Courses

Spring 2021

  • CLASSIC 30 - Classical Mythology

    Instructor(s): Rachel Morrison, Collin Moat, Kathryn Morgan, Patrick Callahan, Rhonda Sharrah, Benjamin Davis

    Lecture, three hours; discussion, one hour. Introduction to myths and legends of ancient Greece and/or Rome, role of those stories in their societies, and modern approaches to studying them. P/NP or letter grading.

  • CLASSIC 51A - Art and Archaeology of Ancient Greece

    Instructor(s): Baisakhi Sengupta, Rachel Wood, Camille Acosta, John Papadopoulos, Carly Pope

    Lecture, three hours; discussion, one hour. Survey of major period, theme, or medium of Greek art and archaeology at discretion of instructor. P/NP or letter grading.

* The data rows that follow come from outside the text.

lemma valuation_mult: "valuation w \<Longrightarrow> a \<noteq> 0 \<Longrightarrow> b \<noteq> 0 \<Longrightarrow> w (a * b) = w a + w b"
  by (simp add: valuation_def)

lemma valuation_add_ge_min:
  "valuation w \<Longrightarrow> a \<noteq> 0 \<Longrightarrow> b \<noteq> 0 \<Longrightarrow> a + b \<noteq> 0 \<Longrightarrow> min (w a) (w b) \<le> w (a + b)"
  by (simp add: valuation_def)

lemma valuation_one: "valuation w \<Longrightarrow> w 1 = 0"
  using valuation_mult[of w 1 1] by simp

lemma valuation_minus: assumes "valuation w" "a \<noteq> 0" shows "w (- a) = w a"
proof -
  have "w (-1) + w (-1) = 0"
    using valuation_mult[OF assms(1), of "-1" "-1"] valuation_one[OF assms(1)] by simp
  then have "w (-1) = 0"
    by (cases "w (-1)" "0::'b" rule: linorder_cases) (auto dest: add_neg_neg add_pos_pos)
  then show ?thesis
    using valuation_mult[OF assms(1), of "-1" a] assms(2) by simp
qed

lemma valuation_power: "valuation w \<Longrightarrow> a \<noteq> 0 \<Longrightarrow> w (a ^ n) = nsmul n (w a)"
  by (induct n) (simp_all add: valuation_one valuation_mult)

lemma valuation_divide:
  "valuation w \<Longrightarrow> a \<noteq> 0 \<Longrightarrow> b \<noteq> 0 \<Longrightarrow> w (a / b) = w a - w (b::'a::field)"
  using valuation_mult[of w "a / b" b] by (simp add: eq_diff_eq)

lemma valuation_comp: "valuation w \<Longrightarrow> order_embedding j \<Longrightarrow> valuation (\<lambda>x. j (w x))"
  by (simp add: valuation_def order_embedding_add order_embedding_min[symmetric]
      order_embedding_le_iff)

lemma valuation_add_eq_left:
  assumes w: "valuation w" and a: "a \<noteq> 0" and b: "b \<noteq> 0" and less: "w a < w b"
  shows "a + b \<noteq> 0" and "w (a + b) = w a"
proof -
  show ab: "a + b \<noteq> 0"
    using valuation_minus[OF w b] less by (auto simp: add_eq_0_iff)
  have "min (w a) (w b) \<le> w (a + b)"
    by (rule valuation_add_ge_min[OF w a b ab])
  moreover have "min (w (a + b)) (w (- b)) \<le> w a"
    using valuation_add_ge_min[OF w ab, of "- b"] a b by simp
  ultimately show "w (a + b) = w a"
    using less valuation_minus[OF w b] by (auto simp: min_def split: if_splits)
qed

lemma valuation_sum_upward_closed:
  assumes w: "valuation w" and fin: "finite S"
    and up: "\<And>x y. P x \<Longrightarrow> x \<le> y \<Longrightarrow> P y"
    and terms: "\<And>i. i \<in> S \<Longrightarrow> a i \<noteq> 0 \<Longrightarrow> P (w (a i))"
    and nz: "sum a S \<noteq> 0"
  shows "P (w (sum a S))"
  using fin terms nz
proof (induct S rule: finite_induct)
  case (insert x F)
  show ?case
  proof (cases "a x = 0 \<or> sum a F = 0")
    case True
    then show ?thesis using insert by auto
  next
    case False
    then have "min (w (a x)) (w (sum a F)) \<le> w (sum a (insert x F))"
      using valuation_add_ge_min[OF w] insert by simp
    moreover have "P (w (a x))" "P (w (sum a F))"
      using insert False by auto
    ultimately show ?thesis
      using up by (metis min_def)
  qed
qed simp

lemma valuation_add_sum_eq_left:
  assumes w: "valuation w" and fin: "finite S" and a0: "a0 \<noteq> 0"
    and terms: "\<And>i. i \<in> S \<Longrightarrow> a i \<noteq> 0 \<Longrightarrow> w a0 < w (a i)"
  shows "a0 + sum a S \<noteq> 0" and "w (a0 + sum a S) = w a0"
proof (atomize (full), cases "sum a S = 0")
  case False
  have "w a0 < w (sum a S)"
    by (rule valuation_sum_upward_closed[OF w fin, where P="\<lambda>x. w a0 < x"])
      (use terms False in auto)
  then show "a0 + sum a S \<noteq> 0 \<and> w (a0 + sum a S) = w a0"
    using valuation_add_eq_left[OF w a0 False] by simp
qed (use a0 in simp)

section \<open>Gauss valuations\<close>

definition gauss_term :: "('a::zero \<Rightarrow> 'b::monoid_add) \<Rightarrow> 'b \<Rightarrow> 'a poly \<Rightarrow> nat \<Rightarrow> 'b" where
  "gauss_term w \<delta> f i = w (coeff f i) + nsmul i \<delta>"

definition gauss_val :: "('a::zero \<Rightarrow> 'b::linordered_ab_group_add) \<Rightarrow> 'b \<Rightarrow> 'a poly \<Rightarrow> 'b" where
  "gauss_val w \<delta> f = Min (gauss_term w \<delta> f ` {i. coeff f i \<noteq> 0})"

lemma finite_coeff_support: "finite {i. coeff f i \<noteq> 0}"
  by (rule finite_subset[of _ "{..degree f}"]) (auto intro: le_degree)

lemma gauss_val_le: "coeff f i \<noteq> 0 \<Longrightarrow> gauss_val w \<delta> f \<le> gauss_term w \<delta> f i"
  unfolding gauss_val_def by (rule Min_le) (use finite_coeff_support in auto)

lemma gauss_val_attained:
  assumes "f \<noteq> 0"
  obtains i where "coeff f i \<noteq> 0" "gauss_val w \<delta> f = gauss_term w \<delta> f i"
proof -
  have "{i. coeff f i \<noteq> 0} \<noteq> {}"
    using assms leading_coeff_0_iff by blast
  then have "gauss_val w \<delta> f \<in> gauss_term w \<delta> f ` {i. coeff f i \<noteq> 0}"
    unfolding gauss_val_def by (intro Min_in) (simp_all add: finite_coeff_support)
  then show ?thesis
    using that by auto
qed

lemma gauss_val_greatest:
  "f \<noteq> 0 \<Longrightarrow> (\<And>i. coeff f i \<noteq> 0 \<Longrightarrow> m \<le> gauss_term w \<delta> f i) \<Longrightarrow> m \<le> gauss_val w \<delta> f"
  by (metis gauss_val_attained)

lemma gauss_val_attained_least:
  assumes "f \<noteq> 0"
  obtains i where "coeff f i \<noteq> 0" "gauss_val w \<delta> f = gauss_term w \<delta> f i"
    "\<And>j. j < i \<Longrightarrow> coeff f j \<noteq> 0 \<Longrightarrow> gauss_val w \<delta> f < gauss_term w \<delta> f j"
proof -
  define P where "P i \<longleftrightarrow> coeff f i \<noteq> 0 \<and> gauss_val w \<delta> f = gauss_term w \<delta> f i" for i
  have "P (LEAST i. P i)"
    by (rule LeastI_ex) (metis P_def gauss_val_attained[OF assms])
  moreover have "gauss_val w \<delta> f < gauss_term w \<delta> f j"
    if "j < (LEAST i. P i)" "coeff f j \<noteq> 0" for j
    using not_less_Least[OF that(1)] gauss_val_le[OF that(2)] that(2)
    by (auto simp: P_def order.order_iff_strict)
  ultimately show ?thesis
    using that by (auto simp: P_def)
qed

lemma gauss_term_mult:
  assumes "valuation w" "coeff f i \<noteq> 0" "coeff g j \<noteq> 0"
  shows "w (coeff f i * coeff g j) + nsmul (i + j) \<delta> = gauss_term w \<delta> f i + gauss_term w \<delta> g j"
  using assms by (simp add: valuation_mult gauss_term_def nsmul_add algebra_simps)

lemma gauss_val_mult_ge:
  assumes w: "valuation w" and f: "f \<noteq> 0" and g: "g \<noteq> 0"
  shows "gauss_val w \<delta> f + gauss_val w \<delta> g \<le> gauss_val w \<delta> (f * g)"
proof (rule gauss_val_greatest)
  fix k assume nz: "coeff (f * g) k \<noteq> 0"
  let ?m = "gauss_val w \<delta> f + gauss_val w \<delta> g - nsmul k \<delta>"
  have "?m \<le> w (\<Sum>i\<le>k. coeff f i * coeff g (k - i))"
  proof (rule valuation_sum_upward_closed[OF w])
    fix i assume i: "i \<in> {..k}" "coeff f i * coeff g (k - i) \<noteq> 0"
    then have "w (coeff f i * coeff g (k - i)) + nsmul k \<delta>
        = gauss_term w \<delta> f i + gauss_term w \<delta> g (k - i)"
      using gauss_term_mult[OF w, of f i g "k - i"] by simp
    moreover have "gauss_val w \<delta> f \<le> gauss_term w \<delta> f i" "gauss_val w \<delta> g \<le> gauss_term w \<delta> g (k - i)"
      using i by (auto intro: gauss_val_le)
    ultimately show "?m \<le> w (coeff f i * coeff g (k - i))"
      by (simp add: diff_le_eq add_mono)
  qed (use nz in \<open>auto simp: coeff_mult\<close>)
  then show "gauss_val w \<delta> f + gauss_val w \<delta> g \<le> gauss_term w \<delta> (f * g) k"
    by (simp add: gauss_term_def coeff_mult diff_le_eq)
qed (use f g in simp)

  • CLASSIC 88GE - General Education Seminar Sequences: Helen of Troy: Ancient Beauty, Modern Portrait

    Instructor(s): Adriana Vazquez

    Consideration of ancient testimonia and modern interpretations of famed Helen of Troy, face that launched one thousand ships. Consideration of ancient Latin and Greek sources for marvel and wonder of her power, such as Homer's Iliad, Gorgias' Encomium of Helen, Euripides' Helen, and Ovid's Heroides; as well as material culture and artistic depictions of this celebrated beauty from antiquity. Consideration of modern interpretations of Helen, as in Wolfgang Petersen's 2004 film Troy, The Simpsons cartoon television series, and Anne Carson's 2019 play Norma Jeane Baker of Troy. Consideration of broader topics such as beauty standards from antiquity to modernity, uses and abuses of female sexuality and power, prevalence and consequences of male gaze, standards of femininity and construction of fixed gender identity, role of race and ethnicity in representations of beauty, and visibility of diverse bodies.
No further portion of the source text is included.